→ **Task goal**
Lines of the material that include the string "positive" should be returned.

→ **Material provided**
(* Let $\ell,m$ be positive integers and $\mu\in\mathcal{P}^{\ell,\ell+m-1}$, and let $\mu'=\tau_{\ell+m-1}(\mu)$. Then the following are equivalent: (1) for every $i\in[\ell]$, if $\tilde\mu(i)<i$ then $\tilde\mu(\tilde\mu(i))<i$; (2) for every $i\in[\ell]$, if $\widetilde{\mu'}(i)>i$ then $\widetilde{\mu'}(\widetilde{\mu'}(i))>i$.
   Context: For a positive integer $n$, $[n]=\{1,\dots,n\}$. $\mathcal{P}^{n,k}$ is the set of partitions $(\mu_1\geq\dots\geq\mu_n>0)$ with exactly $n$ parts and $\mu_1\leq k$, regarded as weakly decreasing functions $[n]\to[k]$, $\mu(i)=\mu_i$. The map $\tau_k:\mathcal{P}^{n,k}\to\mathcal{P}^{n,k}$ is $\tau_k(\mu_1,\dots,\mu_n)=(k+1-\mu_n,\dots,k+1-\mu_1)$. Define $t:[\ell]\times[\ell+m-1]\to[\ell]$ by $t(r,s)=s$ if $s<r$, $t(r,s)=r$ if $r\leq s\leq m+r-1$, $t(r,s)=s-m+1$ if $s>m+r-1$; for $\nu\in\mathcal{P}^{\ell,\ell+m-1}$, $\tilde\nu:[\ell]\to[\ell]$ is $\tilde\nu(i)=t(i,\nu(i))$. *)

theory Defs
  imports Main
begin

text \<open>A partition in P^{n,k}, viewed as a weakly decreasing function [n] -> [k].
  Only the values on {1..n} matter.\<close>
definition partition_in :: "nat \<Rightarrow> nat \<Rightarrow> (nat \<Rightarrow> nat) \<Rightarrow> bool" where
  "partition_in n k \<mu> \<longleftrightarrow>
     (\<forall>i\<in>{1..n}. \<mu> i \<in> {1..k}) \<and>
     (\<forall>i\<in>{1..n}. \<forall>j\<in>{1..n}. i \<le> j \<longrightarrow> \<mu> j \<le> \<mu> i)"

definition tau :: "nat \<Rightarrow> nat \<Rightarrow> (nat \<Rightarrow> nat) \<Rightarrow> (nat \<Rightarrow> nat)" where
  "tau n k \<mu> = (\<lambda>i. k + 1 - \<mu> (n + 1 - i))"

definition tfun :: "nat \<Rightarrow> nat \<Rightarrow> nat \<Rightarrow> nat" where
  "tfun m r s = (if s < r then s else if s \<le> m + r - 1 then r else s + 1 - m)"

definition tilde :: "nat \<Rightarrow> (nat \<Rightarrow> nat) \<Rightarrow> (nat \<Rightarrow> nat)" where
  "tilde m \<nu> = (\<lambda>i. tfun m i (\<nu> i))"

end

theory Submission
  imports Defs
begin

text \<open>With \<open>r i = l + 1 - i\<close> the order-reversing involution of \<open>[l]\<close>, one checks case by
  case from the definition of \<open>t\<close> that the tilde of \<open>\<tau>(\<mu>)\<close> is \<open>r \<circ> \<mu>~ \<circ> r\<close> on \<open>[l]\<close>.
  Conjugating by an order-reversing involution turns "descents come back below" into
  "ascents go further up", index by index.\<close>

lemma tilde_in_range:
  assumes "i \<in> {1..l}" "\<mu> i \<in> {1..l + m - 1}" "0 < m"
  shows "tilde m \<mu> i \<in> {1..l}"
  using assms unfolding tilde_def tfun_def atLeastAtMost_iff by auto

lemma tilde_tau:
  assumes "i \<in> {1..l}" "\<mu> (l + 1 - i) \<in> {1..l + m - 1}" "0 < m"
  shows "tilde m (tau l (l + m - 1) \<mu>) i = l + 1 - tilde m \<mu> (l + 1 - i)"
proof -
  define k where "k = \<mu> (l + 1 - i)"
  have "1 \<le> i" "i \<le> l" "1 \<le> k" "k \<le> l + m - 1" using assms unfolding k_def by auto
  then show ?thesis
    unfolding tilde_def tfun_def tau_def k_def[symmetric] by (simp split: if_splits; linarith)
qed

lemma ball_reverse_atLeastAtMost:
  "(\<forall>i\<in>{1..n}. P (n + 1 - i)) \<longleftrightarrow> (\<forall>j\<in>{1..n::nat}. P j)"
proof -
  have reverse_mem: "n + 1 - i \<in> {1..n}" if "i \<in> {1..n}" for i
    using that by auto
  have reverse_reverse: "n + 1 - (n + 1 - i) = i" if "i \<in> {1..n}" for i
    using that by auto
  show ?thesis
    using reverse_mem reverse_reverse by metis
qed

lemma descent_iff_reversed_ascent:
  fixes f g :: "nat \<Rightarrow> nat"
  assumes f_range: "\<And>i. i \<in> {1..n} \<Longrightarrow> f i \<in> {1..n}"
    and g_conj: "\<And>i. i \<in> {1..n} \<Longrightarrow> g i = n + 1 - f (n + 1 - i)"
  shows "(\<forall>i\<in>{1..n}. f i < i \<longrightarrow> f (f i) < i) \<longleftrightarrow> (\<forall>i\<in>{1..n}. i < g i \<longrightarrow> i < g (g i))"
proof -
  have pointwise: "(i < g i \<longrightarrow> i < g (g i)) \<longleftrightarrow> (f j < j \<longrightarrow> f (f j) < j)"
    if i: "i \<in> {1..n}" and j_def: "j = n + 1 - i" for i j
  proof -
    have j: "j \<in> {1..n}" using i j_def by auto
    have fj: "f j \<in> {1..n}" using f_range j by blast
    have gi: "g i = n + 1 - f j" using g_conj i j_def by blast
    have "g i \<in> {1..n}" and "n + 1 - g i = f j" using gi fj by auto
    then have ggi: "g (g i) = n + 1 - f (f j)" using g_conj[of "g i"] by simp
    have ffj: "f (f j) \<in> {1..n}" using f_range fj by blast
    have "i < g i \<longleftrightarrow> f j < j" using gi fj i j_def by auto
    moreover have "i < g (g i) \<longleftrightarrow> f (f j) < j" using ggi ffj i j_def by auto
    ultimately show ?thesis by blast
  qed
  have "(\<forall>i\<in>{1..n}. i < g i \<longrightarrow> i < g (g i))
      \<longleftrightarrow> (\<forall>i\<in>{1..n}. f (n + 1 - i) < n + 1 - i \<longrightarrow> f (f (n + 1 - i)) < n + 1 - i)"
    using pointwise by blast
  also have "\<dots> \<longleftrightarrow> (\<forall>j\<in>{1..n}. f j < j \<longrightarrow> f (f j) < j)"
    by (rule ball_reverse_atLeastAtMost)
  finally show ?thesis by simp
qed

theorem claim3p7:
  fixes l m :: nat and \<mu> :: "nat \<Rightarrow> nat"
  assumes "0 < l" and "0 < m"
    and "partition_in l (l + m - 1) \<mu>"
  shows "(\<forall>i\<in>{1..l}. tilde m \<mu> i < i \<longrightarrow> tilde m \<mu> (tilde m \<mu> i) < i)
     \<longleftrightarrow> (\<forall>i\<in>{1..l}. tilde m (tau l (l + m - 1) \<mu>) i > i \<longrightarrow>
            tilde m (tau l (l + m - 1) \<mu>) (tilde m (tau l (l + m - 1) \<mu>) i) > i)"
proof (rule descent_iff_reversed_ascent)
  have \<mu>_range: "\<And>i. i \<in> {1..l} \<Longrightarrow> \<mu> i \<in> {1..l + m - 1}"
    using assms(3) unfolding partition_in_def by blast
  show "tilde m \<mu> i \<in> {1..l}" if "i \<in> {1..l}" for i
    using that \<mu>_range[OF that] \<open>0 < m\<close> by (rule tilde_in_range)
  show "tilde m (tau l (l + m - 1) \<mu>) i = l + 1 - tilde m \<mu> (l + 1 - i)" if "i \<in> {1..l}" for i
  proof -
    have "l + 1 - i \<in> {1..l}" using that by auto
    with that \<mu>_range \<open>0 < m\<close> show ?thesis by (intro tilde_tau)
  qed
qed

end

...

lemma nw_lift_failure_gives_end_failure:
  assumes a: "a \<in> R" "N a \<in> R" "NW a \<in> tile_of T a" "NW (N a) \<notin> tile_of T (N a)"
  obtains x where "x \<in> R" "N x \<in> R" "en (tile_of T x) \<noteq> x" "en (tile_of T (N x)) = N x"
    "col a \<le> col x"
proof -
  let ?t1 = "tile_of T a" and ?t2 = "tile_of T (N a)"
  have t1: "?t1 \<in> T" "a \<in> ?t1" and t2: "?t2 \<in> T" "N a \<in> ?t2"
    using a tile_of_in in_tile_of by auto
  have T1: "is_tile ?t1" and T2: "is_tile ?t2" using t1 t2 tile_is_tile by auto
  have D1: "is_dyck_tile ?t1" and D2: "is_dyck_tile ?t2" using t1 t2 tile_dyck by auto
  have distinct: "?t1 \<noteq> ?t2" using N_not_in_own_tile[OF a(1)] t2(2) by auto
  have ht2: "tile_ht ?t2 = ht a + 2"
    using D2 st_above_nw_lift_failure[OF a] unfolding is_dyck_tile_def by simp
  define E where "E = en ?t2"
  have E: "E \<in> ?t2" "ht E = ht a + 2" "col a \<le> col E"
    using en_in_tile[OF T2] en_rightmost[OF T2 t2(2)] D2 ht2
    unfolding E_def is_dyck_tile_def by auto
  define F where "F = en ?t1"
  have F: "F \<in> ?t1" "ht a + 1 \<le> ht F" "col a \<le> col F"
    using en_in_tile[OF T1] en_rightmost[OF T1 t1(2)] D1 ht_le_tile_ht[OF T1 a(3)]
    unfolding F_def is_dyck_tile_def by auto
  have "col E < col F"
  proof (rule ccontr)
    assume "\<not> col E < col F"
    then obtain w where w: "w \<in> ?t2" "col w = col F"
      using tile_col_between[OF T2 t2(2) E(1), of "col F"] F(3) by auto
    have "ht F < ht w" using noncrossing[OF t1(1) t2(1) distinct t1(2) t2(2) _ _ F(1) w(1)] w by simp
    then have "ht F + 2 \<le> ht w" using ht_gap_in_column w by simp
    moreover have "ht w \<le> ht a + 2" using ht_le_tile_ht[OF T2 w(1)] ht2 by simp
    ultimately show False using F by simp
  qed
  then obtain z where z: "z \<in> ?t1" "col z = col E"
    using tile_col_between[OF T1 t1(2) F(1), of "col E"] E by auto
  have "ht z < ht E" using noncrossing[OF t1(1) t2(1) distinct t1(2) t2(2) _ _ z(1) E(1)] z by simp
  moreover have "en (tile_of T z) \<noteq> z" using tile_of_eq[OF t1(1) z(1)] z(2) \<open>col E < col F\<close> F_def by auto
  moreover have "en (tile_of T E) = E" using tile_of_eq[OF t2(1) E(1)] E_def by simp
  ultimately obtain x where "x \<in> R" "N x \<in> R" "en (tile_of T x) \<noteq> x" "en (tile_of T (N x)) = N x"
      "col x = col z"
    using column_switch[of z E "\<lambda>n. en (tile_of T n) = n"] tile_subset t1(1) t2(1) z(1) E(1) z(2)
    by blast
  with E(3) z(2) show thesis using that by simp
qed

---

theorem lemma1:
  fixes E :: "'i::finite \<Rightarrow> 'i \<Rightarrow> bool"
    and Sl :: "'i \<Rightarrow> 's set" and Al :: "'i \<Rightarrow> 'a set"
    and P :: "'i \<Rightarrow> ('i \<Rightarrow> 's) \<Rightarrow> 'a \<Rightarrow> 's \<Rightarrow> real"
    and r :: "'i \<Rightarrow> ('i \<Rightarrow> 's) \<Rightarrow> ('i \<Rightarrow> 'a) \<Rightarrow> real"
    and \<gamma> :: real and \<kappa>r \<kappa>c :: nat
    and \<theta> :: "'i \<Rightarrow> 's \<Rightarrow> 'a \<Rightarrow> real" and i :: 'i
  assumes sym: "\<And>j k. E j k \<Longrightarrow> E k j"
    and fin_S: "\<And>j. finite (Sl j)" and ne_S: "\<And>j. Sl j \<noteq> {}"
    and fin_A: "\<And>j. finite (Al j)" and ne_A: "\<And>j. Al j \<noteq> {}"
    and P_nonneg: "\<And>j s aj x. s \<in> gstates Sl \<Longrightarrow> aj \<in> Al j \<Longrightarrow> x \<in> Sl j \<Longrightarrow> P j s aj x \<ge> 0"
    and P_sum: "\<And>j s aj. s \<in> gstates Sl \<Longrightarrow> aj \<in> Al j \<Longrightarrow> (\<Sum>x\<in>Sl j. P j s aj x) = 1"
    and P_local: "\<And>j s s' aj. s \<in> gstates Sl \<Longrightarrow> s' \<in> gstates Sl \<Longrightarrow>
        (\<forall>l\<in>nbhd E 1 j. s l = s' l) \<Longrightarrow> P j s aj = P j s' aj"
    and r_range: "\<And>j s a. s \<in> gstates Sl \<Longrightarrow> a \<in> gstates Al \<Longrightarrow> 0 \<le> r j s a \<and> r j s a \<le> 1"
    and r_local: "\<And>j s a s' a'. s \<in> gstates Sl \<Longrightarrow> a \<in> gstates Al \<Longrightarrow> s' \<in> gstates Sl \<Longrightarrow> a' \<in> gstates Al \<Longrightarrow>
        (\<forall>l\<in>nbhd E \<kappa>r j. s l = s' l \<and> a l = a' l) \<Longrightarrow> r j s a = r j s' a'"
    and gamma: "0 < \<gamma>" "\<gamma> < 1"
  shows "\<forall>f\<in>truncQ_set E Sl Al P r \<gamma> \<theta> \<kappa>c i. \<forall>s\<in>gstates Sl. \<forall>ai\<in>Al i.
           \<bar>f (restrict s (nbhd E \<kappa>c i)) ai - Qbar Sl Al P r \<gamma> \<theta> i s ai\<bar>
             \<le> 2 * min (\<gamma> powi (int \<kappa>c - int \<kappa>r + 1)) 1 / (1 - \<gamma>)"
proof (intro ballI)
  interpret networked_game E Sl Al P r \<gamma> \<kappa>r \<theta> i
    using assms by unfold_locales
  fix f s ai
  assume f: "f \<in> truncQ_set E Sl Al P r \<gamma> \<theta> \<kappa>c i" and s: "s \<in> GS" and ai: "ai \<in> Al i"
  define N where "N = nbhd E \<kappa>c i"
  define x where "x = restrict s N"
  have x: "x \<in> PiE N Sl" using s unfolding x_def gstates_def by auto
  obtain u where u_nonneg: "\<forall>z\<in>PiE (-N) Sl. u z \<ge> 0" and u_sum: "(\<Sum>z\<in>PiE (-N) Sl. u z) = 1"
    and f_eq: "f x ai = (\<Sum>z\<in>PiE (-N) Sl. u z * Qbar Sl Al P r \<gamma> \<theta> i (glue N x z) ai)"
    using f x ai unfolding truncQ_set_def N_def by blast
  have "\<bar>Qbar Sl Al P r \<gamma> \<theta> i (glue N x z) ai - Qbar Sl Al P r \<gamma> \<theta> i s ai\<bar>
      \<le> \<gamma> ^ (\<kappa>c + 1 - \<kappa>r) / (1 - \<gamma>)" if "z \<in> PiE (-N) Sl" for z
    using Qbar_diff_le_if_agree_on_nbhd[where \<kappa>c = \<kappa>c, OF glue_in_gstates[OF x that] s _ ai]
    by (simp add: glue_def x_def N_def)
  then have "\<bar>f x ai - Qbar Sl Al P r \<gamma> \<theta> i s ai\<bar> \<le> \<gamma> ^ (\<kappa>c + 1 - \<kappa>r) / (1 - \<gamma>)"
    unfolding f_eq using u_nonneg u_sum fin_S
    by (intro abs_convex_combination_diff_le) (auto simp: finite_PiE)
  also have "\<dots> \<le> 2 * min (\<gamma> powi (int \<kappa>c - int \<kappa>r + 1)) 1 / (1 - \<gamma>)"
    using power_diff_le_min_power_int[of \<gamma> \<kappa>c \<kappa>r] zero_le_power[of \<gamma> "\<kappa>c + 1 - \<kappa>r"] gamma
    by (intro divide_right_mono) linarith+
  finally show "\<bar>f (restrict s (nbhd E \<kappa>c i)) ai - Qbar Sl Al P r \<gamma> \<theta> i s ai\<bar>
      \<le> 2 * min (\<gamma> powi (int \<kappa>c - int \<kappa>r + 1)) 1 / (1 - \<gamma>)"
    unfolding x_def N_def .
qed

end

→ **Solution to this problem**
(* Let $\ell,m$ be positive integers and $\mu\in\mathcal{P}^{\ell,\ell+m-1}$, and let $\mu'=\tau_{\ell+m-1}(\mu)$. Then the following are equivalent: (1) for every $i\in[\ell]$, if $\tilde\mu(i)<i$ then $\tilde\mu(\tilde\mu(i))<i$; (2) for every $i\in[\ell]$, if $\widetilde{\mu'}(i)>i$ then $\widetilde{\mu'}(\widetilde{\mu'}(i))>i$.
   Context: For a positive integer $n$, $[n]=\{1,\dots,n\}$. $\mathcal{P}^{n,k}$ is the set of partitions $(\mu_1\geq\dots\geq\mu_n>0)$ with exactly $n$ parts and $\mu_1\leq k$, regarded as weakly decreasing functions $[n]\to[k]$, $\mu(i)=\mu_i$. The map $\tau_k:\mathcal{P}^{n,k}\to\mathcal{P}^{n,k}$ is $\tau_k(\mu_1,\dots,\mu_n)=(k+1-\mu_n,\dots,k+1-\mu_1)$. Define $t:[\ell]\times[\ell+m-1]\to[\ell]$ by $t(r,s)=s$ if $s<r$, $t(r,s)=r$ if $r\leq s\leq m+r-1$, $t(r,s)=s-m+1$ if $s>m+r-1$; for $\nu\in\mathcal{P}^{\ell,\ell+m-1}$, $\tilde\nu:[\ell]\to[\ell]$ is $\tilde\nu(i)=t(i,\nu(i))$. *)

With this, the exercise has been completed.